La técnica de edición que él empleaba es muy antigua, se hace a mano y con tres tipos de lápices, una lupa grande y una fuente de luz que pasa a través de una lámina blanca incrustada en un cajón de madera. Este cajón de madera se le conoce como atril. Todos estos instrumentos son necesarios, pero lo más importante es la fórmula para hacer ese líquido casi mágico que se llama barniz, indispensable para el retoque sobre el negativo.

-Para entender cómo funciona esto hay que estar atento -repite don Merino y le pide a Pablo que se concentre-. Después de pasar el negativo por el mejor proceso de retoque manual, se refuerza la calidad de la imagen en el cuarto oscuro. El trabajo en la ampliadora es igualmente importante. La imagen proyectada sobre el papel fotográfico, después de unos segundos, debe pasar ahora por dos químicos diferentes, revelador y fijador, los cuales se preparan modificándolos según la necesidad del contraste y la textura que le quiere imprimir a la fotografía.

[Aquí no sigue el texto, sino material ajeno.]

definition push_approx ::
  "(real^'d \<Rightarrow> real^'d) \<Rightarrow> (real \<Rightarrow> real^'d) \<Rightarrow> (real \<Rightarrow> real \<Rightarrow> real^'d^'d) \<Rightarrow> real \<Rightarrow> real \<Rightarrow> real^'d^'d" where
  "push_approx Pr X XX s t =
     (\<chi> c d. \<Sum>a\<in>UNIV. \<Sum>b\<in>UNIV. d1 Pr a (X s) $ c * d1 Pr b (X s) $ d * XX s t $ a $ b)"

definition is_pushforward ::
  "real \<Rightarrow> (real \<Rightarrow> real \<Rightarrow> real) \<Rightarrow> real \<Rightarrow> (real^'d \<Rightarrow> real^'d) \<Rightarrow> (real \<Rightarrow> real^'d)
     \<Rightarrow> (real \<Rightarrow> real \<Rightarrow> real^'d^'d) \<Rightarrow> (real \<Rightarrow> real \<Rightarrow> real^'d) \<Rightarrow> (real \<Rightarrow> real \<Rightarrow> real^'d^'d) \<Rightarrow> bool" where
  "is_pushforward p \<omega> T Pr X XX Z ZZ \<longleftrightarrow>
     (\<forall>s t. 0 \<le> s \<and> s \<le> t \<and> t \<le> T \<longrightarrow> Z s t = Pr (X t) - Pr (X s)) \<and>
     lift_of p \<omega> T Z ZZ (push_approx Pr X XX)"

definition manifold_rough_path ::
  "real \<Rightarrow> (real \<Rightarrow> real \<Rightarrow> real) \<Rightarrow> real \<Rightarrow> (real^'d) set \<Rightarrow> (real^'d \<Rightarrow> real^'d)
     \<Rightarrow> (real \<Rightarrow> real^'d) \<Rightarrow> (real \<Rightarrow> real \<Rightarrow> real^'d^'d) \<Rightarrow> bool" where
  "manifold_rough_path p \<omega> T M Pr X XX \<longleftrightarrow>
     rough_path p \<omega> T X XX \<and> (\<forall>t. 0 \<le> t \<and> t \<le> T \<longrightarrow> X t \<in> M) \<and>
     is_pushforward p \<omega> T Pr X XX (incr X) XX"

text \<open>Matrix-valued controlled path (H,H'), H t $ i $ b = H^i_{b;t}, H' t $ a $ i $ b = H'^i_{ab;t}
  (differentiation index a first).\<close>
definition controlled ::
  "real \<Rightarrow> (real \<Rightarrow> real \<Rightarrow> real) \<Rightarrow> real \<Rightarrow> (real \<Rightarrow> real^'d)
     \<Rightarrow> (real \<Rightarrow> real^'d^'e) \<Rightarrow> (real \<Rightarrow> real^'d^'e^'d) \<Rightarrow> bool" where
  "controlled p \<omega> T X H H' \<longleftrightarrow>
     (\<exists>C. \<forall>s t. 0 \<le> s \<and> s \<le> t \<and> t \<le> T \<longrightarrow>
        norm (H t - H s - (\<chi> i b. \<Sum>a\<in>UNIV. H' s $ a $ i $ b * (X t $ a - X s $ a)))
            \<le> C * \<omega> s t powr (2/p) \<and>
        norm (H' t - H' s) \<le> C * \<omega> s t powr (1/p))"

definition is_partition :: "real \<Rightarrow> real \<Rightarrow> real list \<Rightarrow> bool" where
  "is_partition s t us \<longleftrightarrow> us \<noteq> [] \<and> hd us = s \<and> last us = t \<and> sorted_wrt (<) us"

definition mesh :: "real list \<Rightarrow> real" where
  "mesh us = (if length us < 2 then 0 else Max (set (map (\<lambda>(u,v). v - u) (zip us (tl us)))))"

definition psum :: "(real \<Rightarrow> real \<Rightarrow> 'a::comm_monoid_add) \<Rightarrow> real list \<Rightarrow> 'a" where
  "psum F us = sum_list (map (\<lambda>(u,v). F u v) (zip us (tl us)))"

definition partition_limit :: "(real \<Rightarrow> real \<Rightarrow> 'a::real_normed_vector) \<Rightarrow> real \<Rightarrow> real \<Rightarrow> 'a \<Rightarrow> bool" where
  "partition_limit F s t I \<longleftrightarrow>
     (\<forall>\<epsilon>>0. \<exists>\<delta>>0. \<forall>us. is_partition s t us \<and> mesh us < \<delta> \<longrightarrow> norm (psum F us - I) < \<epsilon>)"
(* Let $\chi$ be a Dirichlet character mod $q$ induced by the primitive Dirichlet character $\psi$ mod $q_0$. Then for each $n\ge1$, $$\sum_{d\mid n}\tau(d,\chi)\,\mu(\tfrac nd)\,\overline{\psi(\tfrac nd)}=\begin{cases}n\,\tau(\psi)\,\mu(\frac{q}{nq_0})\,\psi(\frac{q}{nq_0}),& n\mid\frac q{q_0},\\ 0,& n\nmid\frac q{q_0}.\end{cases}$$
   Context: A Dirichlet character mod $m$ is a completely multiplicative $m$-periodic function with $\chi(n)\ne0$ iff $\gcd(n,m)=1$. $\psi$ mod $q_0$ induces $\chi$ mod $q$ if $q_0\mid q$ and $\chi=\psi\chi_q$ with $\chi_q$ the principal character mod $q$; primitive means not induced by a character of modulus a proper divisor. $\mu$ is the Möbius function. For a character $\chi$ mod $m$, $\tau(n,\chi)=\sum_{k=1}^m\chi(k)e^{2\pi ikn/m}$ and $\tau(\chi)=\tau(1,\chi)$. *)

theory Defs
  imports "HOL-Analysis.Analysis" "HOL-Computational_Algebra.Squarefree"
begin

definition dchar :: "nat \<Rightarrow> (nat \<Rightarrow> complex) \<Rightarrow> bool" where
  "dchar m chi \<longleftrightarrow> m > 0 \<and>
     (\<forall>a b. chi (a * b) = chi a * chi b) \<and>
     (\<forall>n. chi (n + m) = chi n) \<and>
     (\<forall>n. chi n \<noteq> 0 \<longleftrightarrow> coprime n m)"

definition principal_char :: "nat \<Rightarrow> nat \<Rightarrow> complex" where
  "principal_char q n = (if coprime n q then 1 else 0)"

definition induces :: "(nat \<Rightarrow> complex) \<Rightarrow> nat \<Rightarrow> (nat \<Rightarrow> complex) \<Rightarrow> nat \<Rightarrow> bool" where
  "induces psi q0 chi q \<longleftrightarrow> dchar q0 psi \<and> dchar q chi \<and> q0 dvd q \<and>
     (\<forall>n. chi n = psi n * principal_char q n)"

definition primitive :: "nat \<Rightarrow> (nat \<Rightarrow> complex) \<Rightarrow> bool" where
  "primitive m chi \<longleftrightarrow> dchar m chi \<and>
     \<not> (\<exists>d phi. d dvd m \<and> d \<noteq> m \<and> induces phi d chi m)"

definition moebius :: "nat \<Rightarrow> int" where
  "moebius n = (if squarefree n then (-1) ^ card (prime_factors n) else 0)"

definition gauss_sum :: "nat \<Rightarrow> (nat \<Rightarrow> complex) \<Rightarrow> nat \<Rightarrow> complex" where
  "gauss_sum n chi m = (\<Sum>k=1..m. chi k * exp (2 * pi * \<i> * of_nat k * of_nat n / of_nat m))"

end

theory Submission
  imports Defs "HOL-Number_Theory.Residues"
begin

text \<open>
  Write \<open>r = q div q0\<close>. Since \<open>\<chi> = \<psi> \<chi>\<^sub>q\<close>, expanding the principal character by
  Moebius inversion over the divisors \<open>e\<close> of \<open>r\<close> gives
  \<open>\<tau>(n, \<chi>) = \<Sum>\<^bsub>e | r\<^esub> \<mu>(e) \<psi>(e) \<tau>(n, \<psi> mod q/e)\<close>, where \<open>\<psi>\<close> is read as a function of
  period \<open>q/e = q0 (r/e)\<close>. Cutting that Gauss sum into blocks of length \<open>q0\<close> shows
  \<open>\<tau>(n, \<psi> mod q0 s) = s \<tau>(n/s, \<psi>)\<close> if \<open>s | n\<close> and \<open>0\<close> otherwise, and for primitive \<open>\<psi>\<close>
  one has \<open>\<tau>(m, \<psi>) = conj \<psi>(m) \<tau>(\<psi>)\<close> for all \<open>m\<close>. Hence
  \<open>\<tau>(d, \<chi>) = \<tau>(\<psi>) \<Sum>\<^bsub>s | gcd r d\<^esub> s \<mu>(r/s) \<psi>(r/s) conj \<psi>(d/s)\<close>, and convolving with
  \<open>\<mu> conj \<psi>\<close>, the Dirichlet inverse of the completely multiplicative \<open>conj \<psi>\<close>, leaves only
  the term \<open>s = n\<close>.
\<close>

section \<open>Additive characters\<close>

text \<open>\<open>unity_root 0 x = 1\<close>, since division by \<open>0\<close> yields \<open>0\<close>; this is why several of the
  following lemmas need no positivity hypothesis.\<close>

definition unity_root :: "nat \<Rightarrow> nat \<Rightarrow> complex" where
  "unity_root m x = exp (2 * pi * \<i> * of_nat x / of_nat m)"
(* Let $R$ be a ring, $S$ an $R$-algebra, and $\omega_{S/R}\colon R[[t]]\otimes_RS\to S[[t]]$ the natural map. The image of $\omega_{S/R}$ is the subring of series $\sum_ns_nt^n\in S[[t]]$ for which there exists a finitely generated $R$-submodule $M\subseteq S$ with $s_n\in M$ for all $n\in\mathbb{N}$. If every finitely generated $R$-submodule of $S$ is contained in a finitely presented $R$-submodule of $S$, then $\omega_{S/R}$ is injective. *)

theory Defs
  imports "HOL-Computational_Algebra.Formal_Power_Series" "HOL-Library.Poly_Mapping"
begin

text \<open>R is a commutative ring (type 'a), S is an R-algebra given by a ring homomorphism
  phi : R -> S (type 'b). The R-module structure on S is r . s = phi r * s,
  on R[[t]] it is r . f = fps_const r * f.\<close>

definition alg_hom :: "('a::comm_ring_1 \<Rightarrow> 'b::comm_ring_1) \<Rightarrow> bool" where
  "alg_hom phi \<longleftrightarrow> phi 1 = 1 \<and> (\<forall>x y. phi (x + y) = phi x + phi y) \<and>
                      (\<forall>x y. phi (x * y) = phi x * phi y)"

definition fps_map :: "('a \<Rightarrow> 'b) \<Rightarrow> 'a fps \<Rightarrow> 'b fps" where
  "fps_map phi f = Abs_fps (\<lambda>n. phi (fps_nth f n))"

text \<open>Tensor product R[[t]] (x)_R S: the free abelian group on pairs (f, s),
  modulo the subgroup generated by the bilinearity / balancing relations.\<close>

definition tensor_rels :: "('a::comm_ring_1 \<Rightarrow> 'b::comm_ring_1) \<Rightarrow> ('a fps \<times> 'b \<Rightarrow>\<^sub>0 int) set" where
  "tensor_rels phi =
     {Poly_Mapping.single (f + g, s) 1 - Poly_Mapping.single (f, s) 1 - Poly_Mapping.single (g, s) 1
        | f g s. True}
   \<union> {Poly_Mapping.single (f, s + s') 1 - Poly_Mapping.single (f, s) 1 - Poly_Mapping.single (f, s') 1
        | f s s'. True}
   \<union> {Poly_Mapping.single (fps_const r * f, s) 1 - Poly_Mapping.single (f, phi r * s) 1
        | r f s. True}"

inductive_set tensor_null :: "('a::comm_ring_1 \<Rightarrow> 'b::comm_ring_1) \<Rightarrow> ('a fps \<times> 'b \<Rightarrow>\<^sub>0 int) set"
  for phi where
  zero: "0 \<in> tensor_null phi"
| rel: "x \<in> tensor_rels phi \<Longrightarrow> x \<in> tensor_null phi"
| diff: "x \<in> tensor_null phi \<Longrightarrow> y \<in> tensor_null phi \<Longrightarrow> x - y \<in> tensor_null phi"
lemma signed_connection_square_fixes_form_kernel:
  defines "L \<equiv> D + B + transpose_mat B + transpose_mat B * B" and "Om \<equiv> B - transpose_mat B"
  assumes v: "v \<in> carrier_vec N" and Omv: "Om *\<^sub>v v = 0\<^sub>v N"
  shows "L *\<^sub>v (L *\<^sub>v v) = v"
proof -
  let ?T = "transpose_mat B"
  note ids = signed_connection_identities[folded L_def Om_def]
  have T: "?T \<in> carrier_mat N N" using B by simp
  have L: "L \<in> carrier_mat N N" unfolding L_def using D B by simp
  have Om: "Om \<in> carrier_mat N N" unfolding Om_def using B by (simp add: minus_carrier_mat)
  have "B *\<^sub>v v + B *\<^sub>v v = ((1\<^sub>m N + D) * Om) *\<^sub>v v"
    unfolding ids(5) using B v by (simp add: add_mult_distrib_mat_vec)
  also have "\<dots> = (1\<^sub>m N + D) *\<^sub>v (Om *\<^sub>v v)" using D Om v by (intro assoc_mult_mat_vec) auto
  also have "\<dots> = 0\<^sub>v N" unfolding Omv using D by (intro mult_mat_vec_zero) simp
  finally have "B *\<^sub>v v + B *\<^sub>v v = 0\<^sub>v N" .
  from vec_zero_if_double_zero[OF _ this] have Bv: "B *\<^sub>v v = 0\<^sub>v N" using B v by simp
  have "- (?T *\<^sub>v v) = 0\<^sub>v N"
    using Omv minus_mult_distrib_mat_vec[OF B T v] T v unfolding Om_def Bv by simp
  then have Tv: "?T *\<^sub>v v = 0\<^sub>v N" by (metis uminus_uminus_vec uminus_zero_vec)
  define P where "P = B + ?T * B"
  define Q where "Q = B * ?T + ?T * B * ?T - ?T"
  have P: "P \<in> carrier_mat N N" and Q: "Q \<in> carrier_mat N N"
    unfolding P_def Q_def using B T by (auto intro!: minus_carrier_mat)
  have "L *\<^sub>v (L *\<^sub>v v) = (L * L) *\<^sub>v v" using L v by simp
  also have "\<dots> = (1\<^sub>m N + P * ?T + Q * B) *\<^sub>v v" unfolding ids(6) P_def Q_def ..
  also have "\<dots> = v + P *\<^sub>v (?T *\<^sub>v v) + Q *\<^sub>v (B *\<^sub>v v)"
    using P Q B T v by (simp add: add_mult_distrib_mat_vec[of _ N N])
  also have "\<dots> = v" unfolding Tv Bv mult_mat_vec_zero[OF P] mult_mat_vec_zero[OF Q] using v by simp
  finally show ?thesis .
qed

end

lemma signed_connection_square_similar_symplectic:
  fixes D B :: "real mat"
  assumes "D \<in> carrier_mat (2*k) (2*k)" "B \<in> carrier_mat (2*k) (2*k)"
    "D * D = 1\<^sub>m (2*k)" "B * B = 0\<^sub>m (2*k) (2*k)" "B * D = - B" "D * B = B" "transpose_mat D = D"
  defines "L \<equiv> D + B + transpose_mat B + transpose_mat B * B"
  shows "\<exists>S. symplectic_mat k S \<and> similar_mat (L * L) S"
proof (rule square_similar_symplectic)
  let ?Om = "B - transpose_mat B"
  note ids = signed_connection_identities[OF assms(1-7), folded L_def]
  show "L \<in> carrier_mat (2*k) (2*k)" unfolding L_def using assms(1,2) by simp
  show "?Om \<in> carrier_mat (2*k) (2*k)" using assms(2) by (simp add: minus_carrier_mat)
  show "transpose_mat L = L" "transpose_mat ?Om = - ?Om" "L * ?Om * L = - ?Om"
    using ids(1-3) .
  show "v = 0\<^sub>v (2*k)" if "v \<in> carrier_vec (2*k)" "L *\<^sub>v v = 0\<^sub>v (2*k)" for v
    using signed_connection_injective[OF assms(1-7) that[unfolded L_def]] .
  show "L *\<^sub>v (L *\<^sub>v v) = v" if "v \<in> carrier_vec (2*k)" "?Om *\<^sub>v v = 0\<^sub>v (2*k)" for v
    using signed_connection_square_fixes_form_kernel[OF assms(1-7) that] unfolding L_def .
qed

section \<open>The connection matrix of a graph\<close>

definition simplex_sign_mat :: "'a set set \<Rightarrow> (nat \<Rightarrow> 'a set) \<Rightarrow> nat \<Rightarrow> real mat" where
  "simplex_sign_mat E f N = mat_diag N (\<lambda>i. if f i \<in> E then -1 else 1)"

definition vertex_edge_incidence_mat :: "'a set set \<Rightarrow> (nat \<Rightarrow> 'a set) \<Rightarrow> nat \<Rightarrow> real mat" where
  "vertex_edge_incidence_mat E f N =
     mat N N (\<lambda>(i,j). if f i \<notin> E \<and> f j \<in> E \<and> f i \<subseteq> f j then 1 else 0)"

lemma simplex_sign_mat_carrier: "simplex_sign_mat E f N \<in> carrier_mat N N"
  unfolding simplex_sign_mat_def by simp

lemma vertex_edge_incidence_mat_carrier: "vertex_edge_incidence_mat E f N \<in> carrier_mat N N"
  unfolding vertex_edge_incidence_mat_def by simp

lemma simplex_sign_mat_square: "simplex_sign_mat E f N * simplex_sign_mat E f N = 1\<^sub>m N"
  unfolding simplex_sign_mat_def mat_diag_diag unfolding mat_diag_def by (intro eq_matI) auto

lemma simplex_sign_mat_transpose: "transpose_mat (simplex_sign_mat E f N) = simplex_sign_mat E f N"
  unfolding simplex_sign_mat_def mat_diag_def by (intro eq_matI) auto

lemma vertex_edge_incidence_mat_square:
  "vertex_edge_incidence_mat E f N * vertex_edge_incidence_mat E f N = 0\<^sub>m N N"
  unfolding vertex_edge_incidence_mat_def
  by (intro eq_matI) (auto simp: scalar_prod_def intro!: sum.neutral)

lemma vertex_edge_incidence_mat_sign_right:
  "vertex_edge_incidence_mat E f N * simplex_sign_mat E f N = - vertex_edge_incidence_mat E f N"
  unfolding simplex_sign_mat_def mat_diag_mult_right[OF vertex_edge_incidence_mat_carrier]
  by (intro eq_matI) (auto simp: vertex_edge_incidence_mat_def)

lemma vertex_edge_incidence_mat_sign_left:
  "simplex_sign_mat E f N * vertex_edge_incidence_mat E f N = vertex_edge_incidence_mat E f N"
  unfolding simplex_sign_mat_def mat_diag_mult_left[OF vertex_edge_incidence_mat_carrier]
  by (intro eq_matI) (auto simp: vertex_edge_incidence_mat_def)

lemma card_inter_two_element_sets:
  assumes "card e = 2" "card e' = 2" "e \<noteq> e'"
  shows "card (e \<inter> e') = (if e \<inter> e' = {} then 0 else 1)"
proof -
  have fin: "finite e" "finite e'" using assms(1,2) by (auto intro: card_ge_0_finite)
  have "card (e \<inter> e') \<noteq> 2"
    using card_subset_eq[OF fin(1), of "e \<inter> e'"] card_subset_eq[OF fin(2), of "e \<inter> e'"] assms by auto
  moreover have "card (e \<inter> e') \<le> 2" using card_mono[OF fin(1), of "e \<inter> e'"] assms(1) by auto
  moreover have "card (e \<inter> e') = 0 \<longleftrightarrow> e \<inter> e' = {}" using fin by simp
  ultimately show ?thesis by auto
qed

context
  fixes V :: "'a set" and E :: "'a set set"
  assumes G: "simple_graph V E"
begin

lemma simplex_cases:
  assumes "s \<in> simplices V E"
  obtains "s \<in> E" "finite s" "card s = 2" | v where "v \<in> V" "s = {v}" "s \<notin> E"
proof -
  have "finite e" "card e = 2" "e \<subseteq> V" if "e \<in> E" for e
    using G that finite_subset unfolding simple_graph_def by blast+
  moreover have "{v} \<notin> E" for v using G unfolding simple_graph_def by force
  ultimately show ?thesis using assms that unfolding simplices_def by blast
qed

lemma vertex_simplices_in:
  assumes "X \<subseteq> V"
  shows "{s \<in> simplices V E. s \<notin> E \<and> s \<subseteq> X} = (\<lambda>v. {v}) ` X"
proof -
  have "{v} \<notin> E" for v using G unfolding simple_graph_def by force
  then show ?thesis using assms by (auto simp: simplices_def elim!: simplex_cases)
qed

Cuando don Merino explica las razones de su éxito durante tantos años como fotógrafo y su excepcional técnica de retoque manual sobre negativos, agradece la disciplina que adquirió trabajando con su vecino en Medellín, mientras cumplía el castigo que le impuso su padre. Así nacería ese gran amor por su oficio, ese que duraría hasta el último día de la vida de un virtuoso dibujante de la luz, quien dedicó por completo su existencia al arte fotográfico.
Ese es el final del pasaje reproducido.